▶ _Exercise brief_
Transcribe the records below exactly as written, from the opening line through the line that contains "using IH_a by blast".

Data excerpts

[Start of Attachment]

lemma nat_pow_sum_split:
  fixes a b :: nat
  assumes x: "x \<in> carrier R" and y: "y \<in> carrier R"
  shows "\<exists>A\<in>carrier R. \<exists>B\<in>carrier R. (x \<oplus> y) [^] (a + b) = x [^] a \<otimes> A \<oplus> y [^] b \<otimes> B"
proof (induction a arbitrary: b)
  case 0
  show ?case
    using x y by (intro bexI[of _ "(x \<oplus> y) [^] b"] bexI[of _ "\<zero>"]) auto
next
  case (Suc a)
  note IH_a = Suc.IH
  show ?case
  proof (induction b)
    case 0
    show ?case
      using x y by (intro bexI[of _ "\<zero>"] bexI[of _ "(x \<oplus> y) [^] Suc a"]) auto
  next
    case (Suc b)
    obtain A1 B1 where AB1: "A1 \<in> carrier R" "B1 \<in> carrier R"
      and e1: "(x \<oplus> y) [^] (a + Suc b) = x [^] a \<otimes> A1 \<oplus> y [^] Suc b \<otimes> B1"
      using IH_a by blast
    obtain A2 B2 where AB2: "A2 \<in> carrier R" "B2 \<in> carrier R"
      and e2: "(x \<oplus> y) [^] (Suc a + b) = x [^] Suc a \<otimes> A2 \<oplus> y [^] b \<otimes> B2"
      using Suc.IH by blast
    have "(x \<oplus> y) [^] (Suc a + Suc b)
        = (x \<oplus> y) [^] (a + Suc b) \<otimes> x \<oplus> (x \<oplus> y) [^] (Suc a + b) \<otimes> y"
      using x y by (simp add: r_distr)
    also have "\<dots> = x [^] Suc a \<otimes> (A1 \<oplus> A2 \<otimes> y) \<oplus> y [^] Suc b \<otimes> (B1 \<otimes> x \<oplus> B2)"
    proof -
      have "(p \<otimes> A1 \<oplus> q \<otimes> y \<otimes> B1) \<otimes> x \<oplus> (p \<otimes> x \<otimes> A2 \<oplus> q \<otimes> B2) \<otimes> y
          = p \<otimes> x \<otimes> (A1 \<oplus> A2 \<otimes> y) \<oplus> q \<otimes> y \<otimes> (B1 \<otimes> x \<oplus> B2)"
        if "p \<in> carrier R" "q \<in> carrier R" for p q
        using that x y AB1 AB2 by algebra
      from this[OF nat_pow_closed[OF x] nat_pow_closed[OF y]] show ?thesis
        unfolding e1 e2 nat_pow_Suc .
    qed
    finally show ?case
      using x y AB1 AB2 by blast
  qed
qed

lemma nilrad_add:
  assumes "x \<in> nilrad R" "y \<in> nilrad R" shows "x \<oplus> y \<in> nilrad R"
proof -
  obtain n :: nat where x: "x \<in> carrier R" "x [^] n = \<zero>"
    using assms(1) by (rule nilradE)
  obtain m :: nat where y: "y \<in> carrier R" "y [^] m = \<zero>"
    using assms(2) by (rule nilradE)
  obtain A B where "A \<in> carrier R" "B \<in> carrier R"
    and split: "(x \<oplus> y) [^] (n + m) = x [^] n \<otimes> A \<oplus> y [^] m \<otimes> B"
    using nat_pow_sum_split[OF x(1) y(1)] by blast
  then have "(x \<oplus> y) [^] (n + m) = \<zero>"
    unfolding split x(2) y(2) by simp
  with x y show ?thesis
    by (intro nilradI) simp_all
qed

lemma nilrad_mult:
  assumes "a \<in> nilrad R" "x \<in> carrier R" shows "x \<otimes> a \<in> nilrad R"
proof -
  obtain n :: nat where "a \<in> carrier R" "a [^] n = \<zero>"
    using assms(1) by (rule nilradE)
  with assms(2) show ?thesis
    by (intro nilradI[of _ _ n]) (simp_all add: nat_pow_distrib)
qed

lemma zero_in_nilrad: "\<zero> \<in> nilrad R"
  by (rule nilradI[of _ _ 1]) simp_all

lemma nilrad_ideal: "ideal (nilrad R) R"
proof (rule idealI)
  show "subgroup (nilrad R) (add_monoid R)"
  proof (rule add.subgroupI)
    show "nilrad R \<subseteq> carrier R"
      by (rule nilrad_subset)
    show "nilrad R \<noteq> {}"
      using zero_in_nilrad by blast
  next
    fix a assume a: "a \<in> nilrad R"
    then have "\<ominus> \<one> \<otimes> a \<in> nilrad R"
      by (simp add: nilrad_mult)
    moreover have "a \<in> carrier R"
      using a nilrad_subset[of R] by blast
    ultimately show "\<ominus> a \<in> nilrad R"
      by (simp add: l_minus)
  qed (rule nilrad_add)
next
  fix a x assume a: "a \<in> nilrad R" and x: "x \<in> carrier R"
  show "x \<otimes> a \<in> nilrad R"
    using a x by (rule nilrad_mult)
  moreover have "a \<otimes> x = x \<otimes> a"
    using a x nilrad_subset[of R] by (blast intro: m_comm)
  ultimately show "a \<otimes> x \<in> nilrad R"
    by simp
qed (rule ring_axioms)

end

lemma areg_subset: "areg A \<subseteq> carrier A"
  unfolding areg_def by blast

lemma (in ideal) FactRing_carrier_eq: "carrier (R Quot I) = (+>) I ` carrier R"
  unfolding FactRing_def A_RCOSETS_def' by auto

lemma (in ideal) rcos_eq_FactRing_zero_iff:
  assumes "x \<in> carrier R"
  shows "I +> x = \<zero>\<^bsub>R Quot I\<^esub> \<longleftrightarrow> x \<in> I"
  using assms rcos_const_imp_mem a_rcos_zero[OF ideal_axioms] by (auto simp: FactRing_def)

lemma (in ideal) rcos_FactRing_mult:
  "x \<in> carrier R \<Longrightarrow> y \<in> carrier R \<Longrightarrow> (I +> x) \<otimes>\<^bsub>R Quot I\<^esub> (I +> y) = I +> (x \<otimes> y)"
  by (simp add: FactRing_def rcoset_mult_add)

lemma (in ideal) rcos_FactRing_add:
  "x \<in> carrier R \<Longrightarrow> y \<in> carrier R \<Longrightarrow> (I +> x) \<oplus>\<^bsub>R Quot I\<^esub> (I +> y) = I +> (x \<oplus> y)"
  by (simp add: FactRing_def a_rcos_sum)

lemma (in ideal) rcos_mem_reg_FactRing_iff:
  assumes "x \<in> carrier R"
  shows "I +> x \<in> reg (R Quot I) \<longleftrightarrow> (\<forall>y\<in>carrier R. x \<otimes> y \<in> I \<longrightarrow> y \<in> I)"
  using assms unfolding reg_def FactRing_carrier_eq
  by (auto simp: rcos_FactRing_mult rcos_eq_FactRing_zero_iff)

lemma (in ideal) complemented_FactRing_iff:
  "complemented (R Quot I) \<longleftrightarrow>
     (\<forall>a\<in>carrier R. \<exists>b\<in>carrier R. a \<otimes> b \<in> I \<and> I +> (a \<oplus> b) \<in> reg (R Quot I))"
  unfolding complemented_def FactRing_carrier_eq
  by (auto simp: rcos_FactRing_mult rcos_FactRing_add rcos_eq_FactRing_zero_iff)

context cring begin

lemma areg_iff:
  "x \<in> areg R \<longleftrightarrow> x \<in> carrier R \<and> (\<forall>y\<in>carrier R. x \<otimes> y \<in> nilrad R \<longrightarrow> y \<in> nilrad R)"
  unfolding areg_def using ideal.rcos_mem_reg_FactRing_iff[OF nilrad_ideal] by blast

lemma almost_complemented_iff:
  "almost_complemented R \<longleftrightarrow>
     (\<forall>a\<in>carrier R. \<exists>b\<in>carrier R. a \<otimes> b \<in> nilrad R \<and> a \<oplus> b \<in> areg R)"
  unfolding almost_complemented_def ideal.complemented_FactRing_iff[OF nilrad_ideal] areg_def
  by blast

lemma areg_of_nilrad_add:
  assumes n: "n \<in> nilrad R" and a: "a \<in> carrier R" and na: "n \<oplus> a \<in> areg R"
  shows "a \<in> areg R"
  unfolding areg_iff
proof (intro conjI ballI impI a)
  fix y assume y: "y \<in> carrier R" and ay: "a \<otimes> y \<in> nilrad R"
  have n_carrier: "n \<in> carrier R"
    using n nilrad_subset[of R] by blast
  have "n \<otimes> y \<in> nilrad R"
    using nilrad_mult[OF n y] m_comm[OF n_carrier y] by simp
  then have "n \<otimes> y \<oplus> a \<otimes> y \<in> nilrad R"
    using ay by (rule nilrad_add)
  then have "(n \<oplus> a) \<otimes> y \<in> nilrad R"
    using n_carrier a y by (simp add: l_distr)
  then show "y \<in> nilrad R"
    using na y unfolding areg_iff by blast
qed

end

lemma prod_ring_simps:
  "carrier (prod_ring I R) = (\<Pi>\<^sub>E i\<in>I. carrier (R i))"
  "x \<otimes>\<^bsub>prod_ring I R\<^esub> y = (\<lambda>i\<in>I. x i \<otimes>\<^bsub>R i\<^esub> y i)"
  "x \<oplus>\<^bsub>prod_ring I R\<^esub> y = (\<lambda>i\<in>I. x i \<oplus>\<^bsub>R i\<^esub> y i)"
  "\<one>\<^bsub>prod_ring I R\<^esub> = (\<lambda>i\<in>I. \<one>\<^bsub>R i\<^esub>)"
  "\<zero>\<^bsub>prod_ring I R\<^esub> = (\<lambda>i\<in>I. \<zero>\<^bsub>R i\<^esub>)"
  by (simp_all add: prod_ring_def)

lemma cring_prod_ring:
  assumes "\<And>i. i \<in> I \<Longrightarrow> cring (R i)"
  shows "cring (prod_ring I R)"
proof (intro cringI abelian_groupI comm_monoidI)
  show "\<exists>y\<in>carrier (prod_ring I R). y \<oplus>\<^bsub>prod_ring I R\<^esub> x = \<zero>\<^bsub>prod_ring I R\<^esub>"
    if "x \<in> carrier (prod_ring I R)" for x
    using that by (intro bexI[of _ "\<lambda>i\<in>I. \<ominus>\<^bsub>R i\<^esub> x i"])
      (auto simp: prod_ring_simps PiE_iff fun_eq_iff assms cring.cring_simprules)
qed (auto simp: prod_ring_simps PiE_iff assms cring.cring_simprules
    monoid.r_one ring.is_monoid cring.axioms(1) intro!: extensionalityI[where A = I])

lemma nat_pow_prod_ring:
  "x [^]\<^bsub>prod_ring I R\<^esub> (n::nat) = (\<lambda>i\<in>I. x i [^]\<^bsub>R i\<^esub> n)"
  by (induction n) (auto simp: prod_ring_simps intro!: restrict_ext)

lemma nilrad_prod_ring_subset: "nilrad (prod_ring I R) \<subseteq> (\<Pi>\<^sub>E i\<in>I. nilrad (R i))"
proof
  fix x assume "x \<in> nilrad (prod_ring I R)"
  then obtain n :: nat where x: "x \<in> carrier (prod_ring I R)"
    and "x [^]\<^bsub>prod_ring I R\<^esub> n = \<zero>\<^bsub>prod_ring I R\<^esub>"
    by (rule nilradE)
  then have "x i [^]\<^bsub>R i\<^esub> n = \<zero>\<^bsub>R i\<^esub>" if "i \<in> I" for i
    using that by (auto simp: nat_pow_prod_ring prod_ring_simps dest: fun_cong[of _ _ i])
  with x show "x \<in> (\<Pi>\<^sub>E i\<in>I. nilrad (R i))"
    by (auto simp: prod_ring_simps intro: nilradI)
qed

lemma PiE_subset_carrier_prod_ring:
  "(\<And>i. i \<in> I \<Longrightarrow> S i \<subseteq> carrier (R i)) \<Longrightarrow> (\<Pi>\<^sub>E i\<in>I. S i) \<subseteq> carrier (prod_ring I R)"
  unfolding prod_ring_simps by (rule PiE_mono)

lemma areg_prod_ring_iff_if_nilrad_eq:
  assumes crings: "\<And>i. i \<in> I \<Longrightarrow> cring (R i)"
    and nilrad_eq: "nilrad (prod_ring I R) = (\<Pi>\<^sub>E i\<in>I. nilrad (R i))"
  shows "x \<in> areg (prod_ring I R) \<longleftrightarrow> x \<in> carrier (prod_ring I R) \<and>
      (\<forall>y\<in>carrier (prod_ring I R).
         (\<forall>i\<in>I. x i \<otimes>\<^bsub>R i\<^esub> y i \<in> nilrad (R i)) \<longrightarrow> (\<forall>i\<in>I. y i \<in> nilrad (R i)))"
proof -
  interpret P: cring "prod_ring I R"
    using crings by (rule cring_prod_ring)
  show ?thesis
    unfolding P.areg_iff nilrad_eq by (auto simp: prod_ring_simps PiE_iff)
qed

lemma areg_prod_ring_subset_if_nilrad_eq:
  assumes crings: "\<And>i. i \<in> I \<Longrightarrow> cring (R i)"
    and nilrad_eq: "nilrad (prod_ring I R) = (\<Pi>\<^sub>E i\<in>I. nilrad (R i))"
  shows "areg (prod_ring I R) \<subseteq> (\<Pi>\<^sub>E i\<in>I. areg (R i))"
proof
  fix x assume x: "x \<in> areg (prod_ring I R)"
  then have x_carrier: "x \<in> (\<Pi>\<^sub>E i\<in>I. carrier (R i))"
    using areg_subset[of "prod_ring I R"] unfolding prod_ring_simps by blast
  have "x i \<in> areg (R i)" if i: "i \<in> I" for i
    unfolding cring.areg_iff[OF crings[OF i]]
  proof (intro conjI ballI impI)
    show "x i \<in> carrier (R i)"
      using x_carrier i by (rule PiE_mem)
    fix y assume y: "y \<in> carrier (R i)" and xy: "x i \<otimes>\<^bsub>R i\<^esub> y \<in> nilrad (R i)"
    define Y where "Y = (\<lambda>j\<in>I. if j = i then y else \<zero>\<^bsub>R j\<^esub>)"
    have "Y \<in> carrier (prod_ring I R)"
      using y by (auto simp: Y_def prod_ring_simps cring.cring_simprules(2)[OF crings])
    moreover have "x j \<otimes>\<^bsub>R j\<^esub> Y j \<in> nilrad (R j)" if j: "j \<in> I" for j
    proof (cases "j = i")
      case True
      with xy j show ?thesis
        by (simp add: Y_def)
    next
      case False
      interpret Rj: cring "R j"
        using crings j .
      have "x j \<in> carrier (R j)"
        using x_carrier j by (rule PiE_mem)
      with False j show ?thesis
        by (simp add: Y_def Rj.zero_in_nilrad)
    qed
    ultimately have "Y i \<in> nilrad (R i)"
      using x i areg_prod_ring_iff_if_nilrad_eq[of I R, OF crings nilrad_eq] by blast
    then show "y \<in> nilrad (R i)"
      using i by (simp add: Y_def)
  qed
  with x_carrier show "x \<in> (\<Pi>\<^sub>E i\<in>I. areg (R i))"
    by (simp add: PiE_iff)
qed

lemma PiE_areg_subset_if_nilrad_eq:
  assumes crings: "\<And>i. i \<in> I \<Longrightarrow> cring (R i)"
    and nilrad_eq: "nilrad (prod_ring I R) = (\<Pi>\<^sub>E i\<in>I. nilrad (R i))"
  shows "(\<Pi>\<^sub>E i\<in>I. areg (R i)) \<subseteq> areg (prod_ring I R)"
proof
  fix x assume x: "x \<in> (\<Pi>\<^sub>E i\<in>I. areg (R i))"
  have "x \<in> carrier (prod_ring I R)"
    using x PiE_subset_carrier_prod_ring[OF areg_subset] by blast
  moreover have "y i \<in> nilrad (R i)"
    if y: "y \<in> carrier (prod_ring I R)" and xy: "\<forall>i\<in>I. x i \<otimes>\<^bsub>R i\<^esub> y i \<in> nilrad (R i)"
      and i: "i \<in> I" for y i
  proof -
    have "x i \<in> areg (R i)" "y i \<in> carrier (R i)"
      using PiE_mem[OF x i] PiE_mem[OF y[unfolded prod_ring_simps] i] .
    with xy i show ?thesis
      unfolding cring.areg_iff[OF crings[OF i]] by blast
  qed
  ultimately show "x \<in> areg (prod_ring I R)"
    using areg_prod_ring_iff_if_nilrad_eq[of I R, OF crings nilrad_eq] by blast
qed

lemma areg_prod_ring_eq_if_nilrad_eq:
  assumes "\<And>i. i \<in> I \<Longrightarrow> cring (R i)"
    and "nilrad (prod_ring I R) = (\<Pi>\<^sub>E i\<in>I. nilrad (R i))"
  shows "areg (prod_ring I R) = (\<Pi>\<^sub>E i\<in>I. areg (R i))"
  using areg_prod_ring_subset_if_nilrad_eq[of I R, OF assms]
    PiE_areg_subset_if_nilrad_eq[of I R, OF assms] by (rule equalityI)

[End of Attachment]

▶ _Written reply_
lemma nat_pow_sum_split:
  fixes a b :: nat
  assumes x: "x \<in> carrier R" and y: "y \<in> carrier R"
  shows "\<exists>A\<in>carrier R. \<exists>B\<in>carrier R. (x \<oplus> y) [^] (a + b) = x [^] a \<otimes> A \<oplus> y [^] b \<otimes> B"
proof (induction a arbitrary: b)
  case 0
  show ?case
    using x y by (intro bexI[of _ "(x \<oplus> y) [^] b"] bexI[of _ "\<zero>"]) auto
next
  case (Suc a)
  note IH_a = Suc.IH
  show ?case
  proof (induction b)
    case 0
    show ?case
      using x y by (intro bexI[of _ "\<zero>"] bexI[of _ "(x \<oplus> y) [^] Suc a"]) auto
  next
    case (Suc b)
    obtain A1 B1 where AB1: "A1 \<in> carrier R" "B1 \<in> carrier R"
      and e1: "(x \<oplus> y) [^] (a + Suc b) = x [^] a \<otimes> A1 \<oplus> y [^] Suc b \<otimes> B1"
      using IH_a by blast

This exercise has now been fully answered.